Clinical Research Study Finder

Children's Hospital of Philadelphia leads or participates in hundreds of clinical research studies and clinical trials. Many of the studies that are currently enrolling patients can be found in this database. Use this finder to learn more about the purpose of these studies and clinical trials, find out who can participate, and tell us you're interested in enrolling. You can also look for studies that offer remote participation from home!

Find a Clinical Research Study

181 - 189 of 189

MRI of ARPKD liver disease

The primary goal of this research study is to see if new types of magnetic resonance imaging (MRI) can be used to measure liver health in children with autosomal recessive polycystic kidney disease (ARPKD) compared to healthy controls.  Both children with ARPKD and healthy children, aged 6 years and above can participate.

Aneurysms in ARPKD

The primary goal of this research study is to learn if patients with autosomal recessive polycystic kidney disease (ARPKD) are at risk for brain aneurysms or cardiovascular abnormalities. Participants in this study will involve patients that have a clinical diagnosis of ARPKD. The study will also involve a comparison group of healthy individuals that have no history of kidney or cardiac conditions.

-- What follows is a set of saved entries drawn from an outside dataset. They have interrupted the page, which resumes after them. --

lemma dispersion_relations_complex:
  "of_real A * (of_real O1 - of_real \<alpha>0 * of_real k1 + (of_real k1)\<^sup>2 - of_real \<kappa>)
     + of_real B * of_real C * ((of_real O3 + of_real O2) - of_real \<alpha>0 * (of_real k3 + of_real k2)
     + (of_real k3 + of_real k2)\<^sup>2 - of_real \<kappa>) = (0 :: complex)"
  "of_real B * (of_real O2 - of_real \<alpha>0 * of_real k2 + (of_real k2)\<^sup>2 - of_real \<kappa>)
     + of_real A * of_real C * ((of_real O3 + of_real O1) - of_real \<alpha>0 * (of_real k3 + of_real k1)
     + (of_real k3 + of_real k1)\<^sup>2 - of_real \<kappa>) = (0 :: complex)"
  "- of_real \<kappa> + (of_real A)\<^sup>2 * (2 * of_real O1 - of_real \<alpha>0 * (2 * of_real k1) + (2 * of_real k1)\<^sup>2 - of_real \<kappa>)
     + (of_real B)\<^sup>2 * (2 * of_real O2 - of_real \<alpha>0 * (2 * of_real k2) + (2 * of_real k2)\<^sup>2 - of_real \<kappa>)
     + (of_real C)\<^sup>2 * (2 * of_real O3 - of_real \<alpha>0 * (2 * of_real k3) + (2 * of_real k3)\<^sup>2 - of_real \<kappa>) = (0 :: complex)"
  using arg_cong[OF dispersion_relations(1), of complex_of_real]
    arg_cong[OF dispersion_relations(2), of complex_of_real]
    arg_cong[OF dispersion_relations(3), of complex_of_real]
  by (simp_all add: dispersion_def)

lemma tau_at_real_point:
  fixes x t :: real
  defines "X \<equiv> plane_wave k1 O1 (of_real x) (of_real t)" and "Y \<equiv> plane_wave k2 O2 (of_real x) (of_real t)"
  shows "X \<noteq> 0" "Y \<noteq> 0"
    "tau_moment j 0 (of_real x) (of_real t)
       = of_real k1 ^ j * of_real A * X + of_real k2 ^ j * of_real B * Y + of_real k3 ^ j * of_real C * X * Y"
    "cnj (tau_moment j 0 (of_real x) (of_real t))
       = of_real k1 ^ j * of_real A / X + of_real k2 ^ j * of_real B / Y + of_real k3 ^ j * of_real C / (X * Y)"
    "tau_moment 0 1 (of_real x) (of_real t)
       = of_real O1 * of_real A * X + of_real O2 * of_real B * Y + of_real O3 * of_real C * X * Y"
    "cnj (tau_moment 0 1 (of_real x) (of_real t))
       = of_real O1 * of_real A / X + of_real O2 * of_real B / Y + of_real O3 * of_real C / (X * Y)"
    "tau_moment 1 1 (of_real x) (of_real t)
       = of_real k1 * of_real O1 * of_real A * X + of_real k2 * of_real O2 * of_real B * Y
         + of_real k3 * of_real O3 * of_real C * X * Y"
    "cnj (tau_moment 1 1 (of_real x) (of_real t))
       = of_real k1 * of_real O1 * of_real A / X + of_real k2 * of_real O2 * of_real B / Y
         + of_real k3 * of_real O3 * of_real C / (X * Y)"
    "tau (of_real x) (of_real t) = 1 + of_real A * X + of_real B * Y + of_real C * X * Y"
    "cnj (tau (of_real x) (of_real t)) = 1 + of_real A / X + of_real B / Y + of_real C / (X * Y)"
proof -
  have conj: "cnj X = 1 / X" "cnj Y = 1 / Y"
    by (simp_all add: X_def Y_def plane_wave_real cis_cnj divide_inverse)
  show "X \<noteq> 0" "Y \<noteq> 0" by (simp_all add: X_def Y_def plane_wave_nonzero)
  show "tau_moment j 0 (of_real x) (of_real t)
       = of_real k1 ^ j * of_real A * X + of_real k2 ^ j * of_real B * Y + of_real k3 ^ j * of_real C * X * Y"
    "cnj (tau_moment j 0 (of_real x) (of_real t))
       = of_real k1 ^ j * of_real A / X + of_real k2 ^ j * of_real B / Y + of_real k3 ^ j * of_real C / (X * Y)"
    "tau_moment 0 1 (of_real x) (of_real t)
       = of_real O1 * of_real A * X + of_real O2 * of_real B * Y + of_real O3 * of_real C * X * Y"
    "cnj (tau_moment 0 1 (of_real x) (of_real t))
       = of_real O1 * of_real A / X + of_real O2 * of_real B / Y + of_real O3 * of_real C / (X * Y)"
    "tau_moment 1 1 (of_real x) (of_real t)
       = of_real k1 * of_real O1 * of_real A * X + of_real k2 * of_real O2 * of_real B * Y
         + of_real k3 * of_real O3 * of_real C * X * Y"
    "cnj (tau_moment 1 1 (of_real x) (of_real t))
       = of_real k1 * of_real O1 * of_real A / X + of_real k2 * of_real O2 * of_real B / Y
         + of_real k3 * of_real O3 * of_real C / (X * Y)"
    "tau (of_real x) (of_real t) = 1 + of_real A * X + of_real B * Y + of_real C * X * Y"
    "cnj (tau (of_real x) (of_real t)) = 1 + of_real A / X + of_real B / Y + of_real C / (X * Y)"
    unfolding tau_def tau_moment_split X_def[symmetric] Y_def[symmetric]
    by (simp_all add: conj mult.assoc)
qed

PriCARE for Young Parents Yr1

Researchers from General Pediatrics are conducting focus groups on Child Adult Relationship Enhancement in Pediatric Primary Care (PriCARE), a parenting group program that helps to improve children’s behaviors and strengthen the caregiver-child relationship. The researchers are conducting this study to adapt PriCARE for parents and their parenting supports.
Parents who were younger than 21 at the time of the birth of their child, who currently have at least one child between the ages of 2-6, or are a parenting support person of a parent with a child 2-6 years old, are eligible.

Pathways to ASD Diagnosis

The purpose of the study is to learn more about the experience of caregivers who have a child diagnosed with autism. We also want to better understand what is working well in healthcare in the US. This study is open to primary caregivers of a child (aged 3-17) who has been diagnosed with autism spectrum disorder in the last year. Participants must have immigrated to the US and identify as Hispanic or Latinx. Study staff will interview participants about their experiences as a caregiver of an autistic child. This one-time interview will last 60-90 minutes in Spanish or English.


Researchers at CHOP are recruiting patients diagnosed with either acute leukemia (myeloid, lymphoid), myelodysplastic syndromes, or aplastic anemia and treated with allogeneic hematopoietic cell transplantation (HCT) within the past 6-48 months.

Research has shown that adolescents and young adults who are treated with HCT are at increased risk for skeletal muscle loss. So, the purpose of this study is to investigate if a combination of exercise training and an exercise supplement can mitigate this effect. The
supplement is called nicotinamide riboside.

Participants will be randomly assigned to 1 of 4 groups:
  • Exercise + Supplement
  • Exercise + Placebo
  • No Exercise + Supplement
  • No Exercise + Placebo
The study will provide all the exercise equipment required to complete the exercise intervention, including remote sessions.

Body Surface Gastric Mapping in Patients with GI Symptoms

The purpose of this study is to learn more about a new device that measures stomach myoelectric (electricity produced by muscles) activity in children and young adults using body surface gastric mapping (BSGM). The BSGM device is FDA approved in adults but not children under 18. 

We are looking to partner with patients who have a confirmed diagnosis of a Motility Disorder and/or Functional Gastrointestinal Disorder (FGID) or patients who are having motility tests/procedures performed for clinical care. We are also looking for healthy controls without any history of inflammatory disease or pyloric disorders. All study participants must be 8 - 25 years of age and have a body mass index (BMI) of less than 35. 

Participation is completely voluntary, and subjects may withdraw at any time without affecting their care. Participants may receive compensation for their time.

MPS Biomarkers of Joint Disease

The purpose of this study is to establish connections between biomarkers (a measurable substance in your blood, urine, or saliva) and the stage and grade of bone and cartilage disease in MPS patients. 

Neurocognition in Hyperinsulinism

The purpose of this study is to understand how cognitive function changes over time in children with hyperinsulinism (HI) compared to children who are healthy volunteers. Participants will be asked to complete cognitive function tasks and questionnaires three times over the course of two years: at the start of the study, one year later, and one year after that. Each visit is approximately 2 hours. If you like, you can receive a summary of the results from the tasks. Compensation is provided for your time and effort. 

OT-58 for Homocystinuria

This research study is focused on patients who have Cystathionine beta synthase deficiency Homocystinuria (CBSDH). The purpose of this study is to test the safety and tolerability of an investigational drug called OT-58 (the study drug). An “investigational drug” is a drug that is being tested and is not approved by the U.S. Food and Drug Administration (FDA). Specifically, this study will measure how much OT-58 gets into the blood stream, how long it takes the body to get rid of it, and whether it reduces the amount of homocysteine in your blood.